December 4, 2025

Amazon Set to Push Traditional Publishing Off a Cliff

Almost exactly a year ago I wrote this:

Traditional publishing may not be in freefall yet, but it’s standing on the edge, just one big shove away.

That shove is now being applied. It had started being applied by early entrants in the self-publishing realm, such as Lulu.com. But the player with enough muscle to actually move entrenched traditional publishers off the cliff has only relatively recently entered the fray — Amazon. Amazon is going to eat the lunch of traditional publishing for one simple reason — pure economics.

Sure, they have a variety of forays into publishing that I could discuss, including Seth Godin’s much-hyped, but still likely to have an impact, Domino Project. I’m sure I don’t need to point out the signficance of the name. No, what I wish to point out is something much more mundane and, well, crass. It’s simply this: if you publish with a traditional publisher you will be lucky to get a 15% royalty. With Amazon’s Kindle Direct publishing option royalty rates start at 35% and can be as high as 70%. Now I’m no math wiz, but that’s an eye-popping difference.

If you’re an author, just how badly do you want Harper Collins to publish your book? Would you give up 55 percentage points of royalty for the privilege? Yeah, I thought so.

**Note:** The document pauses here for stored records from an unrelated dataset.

(* Let $\beta,\gamma>0$, $\tilde S$, $\tilde R$ and $N>0$ be real numbers satisfying $\tilde R\ge 0$ and $N>\tilde S e^{(\beta/\gamma)\tilde R}+\tilde R$. Then the transcendental equation \[ x=N-\tilde S e^{(\beta/\gamma)\tilde R}e^{-(\beta/\gamma)x} \] has a unique solution $x=\alpha$ such that $\tilde R<\alpha<N$.
   Context: In the paper $N=\tilde S+\tilde E+\tilde I+\tilde R$ with $\tilde S,\tilde E,\tilde I,\tilde R$ the initial values of an SEIR model, and the standing assumptions $\tilde I>0$, $\tilde E>(\gamma/\delta)\tilde I$, $\tilde S>\delta\tilde E/(\beta\tilde I)$ (for a constant $\delta>0$) are in force; in particular $\tilde S>0$. *)

theory Defs
  imports Complex_Main
begin

end

theory Submission
  imports Defs "HOL-Analysis.Analysis"
begin

text \<open>With \<open>k = \<beta>/\<gamma>\<close> and \<open>C = S e\<^bsup>kR\<^esup>\<close>, the solutions are the zeros of the convex function
  \<open>f x = x - N + C e\<^bsup>-kx\<^esup>\<close>. Since \<open>C e\<^bsup>-kR\<^esup> = S \<le> C\<close>, the hypothesis gives \<open>f R = R + S - N < 0\<close>,
  while \<open>f N = C e\<^bsup>-kN\<^esup> > 0\<close>; the intermediate value theorem yields a zero in \<open>(R, N)\<close>.
  A convex function that is negative at \<open>R\<close> lies below the chord from \<open>R\<close> to any zero \<open>y > R\<close>,
  hence is negative on \<open>(R, y)\<close>, so it has at most one zero to the right of \<open>R\<close>.\<close>

lemma convex_on_exp_mult: "convex_on UNIV (\<lambda>x. exp (c * x :: real))"
  by (rule f''_ge0_imp_convex[where f' = "\<lambda>x. c * exp (c * x)" and f'' = "\<lambda>x. c\<^sup>2 * exp (c * x)"])
     (auto intro!: derivative_eq_intros simp: power2_eq_square)

lemma IVT_zero_strict:
  fixes f :: "real \<Rightarrow> real"
  assumes "a \<le> b" "continuous_on {a..b} f" "f a < 0" "0 < f b"
  shows "\<exists>x. a < x \<and> x < b \<and> f x = 0"
proof -
  obtain x where "a \<le> x" "x \<le> b" "f x = 0"
    using IVT'[of f a 0 b] assms by fastforce
  with assms show ?thesis
    by (metis order.order_iff_strict less_irrefl)
qed

lemma convex_on_negative_zero_unique:
  fixes f :: "real \<Rightarrow> real"
  assumes convex: "convex_on S f" and "a \<in> S" "f a < 0"
    and "x \<in> S" "y \<in> S" "a < x" "a < y" "f x = 0" "f y = 0"
  shows "x = y"
proof -
  have False if xy: "a < x" "x < y" "y \<in> S" "f x = 0" "f y = 0" for x y
  proof -
    define t where "t = (x - a) / (y - a)"
    have t: "0 < t" "t < 1"
      using xy by (auto simp: t_def field_simps)
    have "t * (y - a) = x - a"
      using xy by (simp add: t_def)
    then have "x = (1 - t) *\<^sub>R a + t *\<^sub>R y"
      by (simp add: algebra_simps)
    then have "f x \<le> (1 - t) * f a + t * f y"
      using convex_onD[OF convex, of t a y] t \<open>a \<in> S\<close> \<open>y \<in> S\<close> by simp
    also have "\<dots> < 0"
      using t \<open>f a < 0\<close> \<open>f y = 0\<close> by (simp add: mult_pos_neg)
    finally show False
      using \<open>f x = 0\<close> by simp
  qed
  then show ?thesis
    using assms by (metis linorder_neqE_linordered_idom)
qed

theorem lemma6:
  fixes \<beta> \<gamma> S R N :: real
  assumes "\<beta> > 0" and "\<gamma> > 0" and "S > 0" and "N > 0"
    and "R \<ge> 0"
    and "N > S * exp ((\<beta> / \<gamma>) * R) + R"
  shows "\<exists>!\<alpha>. R < \<alpha> \<and> \<alpha> < N \<and>
           \<alpha> = N - S * exp ((\<beta> / \<gamma>) * R) * exp (- (\<beta> / \<gamma>) * \<alpha>)"
proof -
  define k where "k = \<beta> / \<gamma>"
  define C where "C = S * exp (k * R)"
  define f where "f x = x - N + C * exp (- k * x)" for x
  have "k > 0" "C > 0"
    using assms by (simp_all add: k_def C_def)
  have root_iff: "\<alpha> = N - C * exp (- k * \<alpha>) \<longleftrightarrow> f \<alpha> = 0" for \<alpha>
    by (auto simp: f_def)
  have "C * exp (- k * R) = S"
    by (simp add: C_def exp_minus)
  moreover have "S \<le> C"
    using assms \<open>k > 0\<close> by (simp add: C_def)
  moreover have N_gt: "C + R < N"
    using assms by (simp add: C_def k_def)
  ultimately have fR: "f R < 0"
    by (simp add: f_def)
  have fN: "f N > 0"
    using \<open>C > 0\<close> by (simp add: f_def)
  have "continuous_on {R..N} f"
    unfolding f_def by (intro continuous_intros)
  moreover have "R \<le> N"
    using N_gt \<open>C > 0\<close> by simp
  ultimately have root_exists: "\<exists>a. R < a \<and> a < N \<and> f a = 0"
    using fR fN by (intro IVT_zero_strict)
  have "convex_on UNIV f"
    unfolding f_def
    by (intro convex_on_add convex_on_diff convex_on_cmul convex_on_exp_mult \<open>C > 0\<close>[THEN less_imp_le])
       (simp_all add: convex_on_ident concave_on_const)
  then have "\<exists>!\<alpha>. R < \<alpha> \<and> \<alpha> < N \<and> f \<alpha> = 0"
    using root_exists fR by (intro ex_ex1I) (blast, metis convex_on_negative_zero_unique UNIV_I)
  then show ?thesis
    unfolding k_def[symmetric] C_def[symmetric] root_iff .
qed

end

Meanwhile, the implications for libraries seem almost as stark. Whatever you thought you knew about collection development has gone out the window. Don’t expect Amazon to churn out a catalog of new titles — at least not in paper form. And good luck with your approval plan. As authors break in a big way for the big payout that ebooks are now potentially providing and as e-readers approach the price point of free, we’re in a completely new world. It would be best if we get used to the idea — and soon.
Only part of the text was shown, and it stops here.